I propose to use only one and create a proper cli with a flag acting as a switch between the two desired outcomes, e.g.: The command below would output the matrix for free residues as "free_residue_matrix.csv"
VectorMS.py --free_residues_only
While the command without the flag would not perform any filtering and create "residue_matrix.csv":
VectorMS.py
Yes, I believe this is much more appropriate.
TODO: Establish package dependencies in pymembrane.
Notes on local installation of (private) repo pymembrane:
git switch temp_mohamed
#switch to most up to date repopip install -e .
@granepura There are five main steps in the "mcce_cdc_pipeline":
Is it likely that you would want to execute them one by one? (The current option perform 1 through 5 with the arguments provided at the command line.)

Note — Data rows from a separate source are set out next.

lemma ares_closed: "b \<in> carrier A \<Longrightarrow> c \<in> carrier A \<Longrightarrow> ares A b c \<in> carrier A"
  using is_rep ARes_in_sig unfolding is_rep_def closed_alg_def by auto

lemma rep_ares: "b \<in> carrier A \<Longrightarrow> c \<in> carrier A \<Longrightarrow> \<theta> (ares A b c) = pf_ares (\<theta> b) (\<theta> c)"
  using is_rep ARes_in_sig unfolding is_rep_def by blast

lemma single_valued_rep: "b \<in> carrier A \<Longrightarrow> single_valued (\<theta> b)"
  using is_rep unfolding is_rep_def by blast

lemma inj_on_rep: "inj_on \<theta> (carrier A)"
  using is_rep unfolding is_rep_def by blast

lemma lres_closed: "b \<in> carrier A \<Longrightarrow> c \<in> carrier A \<Longrightarrow> lres A b c \<in> carrier A"
  unfolding lres_def by (simp add: ares_closed)

lemma rep_lres:
  "b \<in> carrier A \<Longrightarrow> c \<in> carrier A \<Longrightarrow> \<theta> (lres A b c) = {(x, y) \<in> \<theta> c. x \<in> Domain (\<theta> b)}"
  unfolding lres_def by (simp add: rep_ares ares_closed pf_ares_pf_ares)

lemma ale_iff_subset:
  assumes b: "b \<in> carrier A" and c: "c \<in> carrier A"
  shows "ale A b c \<longleftrightarrow> \<theta> b \<subseteq> \<theta> c"
proof -
  have "ale A b c \<longleftrightarrow> \<theta> (lres A b c) = \<theta> b"
    unfolding ale_def using inj_on_rep lres_closed[OF b c] b by (auto dest: inj_onD)
  also have "\<dots> \<longleftrightarrow> \<theta> b \<subseteq> \<theta> c"
  proof
    have "\<theta> (lres A b c) \<subseteq> \<theta> c"
      using rep_lres[OF b c] by auto
    then show "\<theta> (lres A b c) = \<theta> b \<Longrightarrow> \<theta> b \<subseteq> \<theta> c"
      by simp
    show "\<theta> b \<subseteq> \<theta> c \<Longrightarrow> \<theta> (lres A b c) = \<theta> b"
      using restrict_Domain_single_valued[OF single_valued_rep[OF c] _ order_refl]
      by (simp add: rep_lres[OF b c] Int_absorb2)
  qed
  finally show ?thesis .
qed

lemma mt_closed: "Mt \<in> \<sigma> \<Longrightarrow> b \<in> carrier A \<Longrightarrow> c \<in> carrier A \<Longrightarrow> mt A b c \<in> carrier A"
  using is_rep unfolding is_rep_def closed_alg_def by auto

lemma rep_mt: "Mt \<in> \<sigma> \<Longrightarrow> b \<in> carrier A \<Longrightarrow> c \<in> carrier A \<Longrightarrow> \<theta> (mt A b c) = \<theta> b \<inter> \<theta> c"
  using is_rep unfolding is_rep_def pf_meet_def by auto

lemma is_glb_in_iff_subset:
  assumes "B \<subseteq> carrier A" "S \<subseteq> carrier A"
  shows "is_glb_in A B S x \<longleftrightarrow> x \<in> B \<and> (\<forall>s\<in>S. \<theta> x \<subseteq> \<theta> s) \<and>
           (\<forall>y\<in>B. (\<forall>s\<in>S. \<theta> y \<subseteq> \<theta> s) \<longrightarrow> \<theta> y \<subseteq> \<theta> x)"
  unfolding is_glb_in_def using assms ale_iff_subset by (smt (verit) subsetD)

lemma is_lub_in_iff_subset:
  assumes "B \<subseteq> carrier A" "S \<subseteq> carrier A"
  shows "is_lub_in A B S x \<longleftrightarrow> x \<in> B \<and> (\<forall>s\<in>S. \<theta> s \<subseteq> \<theta> x) \<and>
           (\<forall>y\<in>B. (\<forall>s\<in>S. \<theta> s \<subseteq> \<theta> y) \<longrightarrow> \<theta> x \<subseteq> \<theta> y)"
  unfolding is_lub_in_def using assms ale_iff_subset by (smt (verit) subsetD)

context
  fixes a assumes a_carrier: "a \<in> carrier A"
begin

lemma mem_down_iff: "b \<in> down A a \<longleftrightarrow> b \<in> carrier A \<and> \<theta> b \<subseteq> \<theta> a"
  unfolding down_def by (auto simp: ale_iff_subset a_carrier)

@granepura When you run vectorMS.py where do you expect the .csv file to be created?
@granepura There are five main steps in the "mcce_cdc_pipeline":
- get ms sample
- get pdbs from sample
- convert pdbs
- output ms_matrix
- calculate energy shifts
Is it likely that you would want to execute them one by one? (The current option perform 1 through 5 with the arguments provided at the command line.)
Yes, exactly each of those should be separate executions that follow in that order.
@granepura When you run vectorMS.py where do you expect the .csv file to be created?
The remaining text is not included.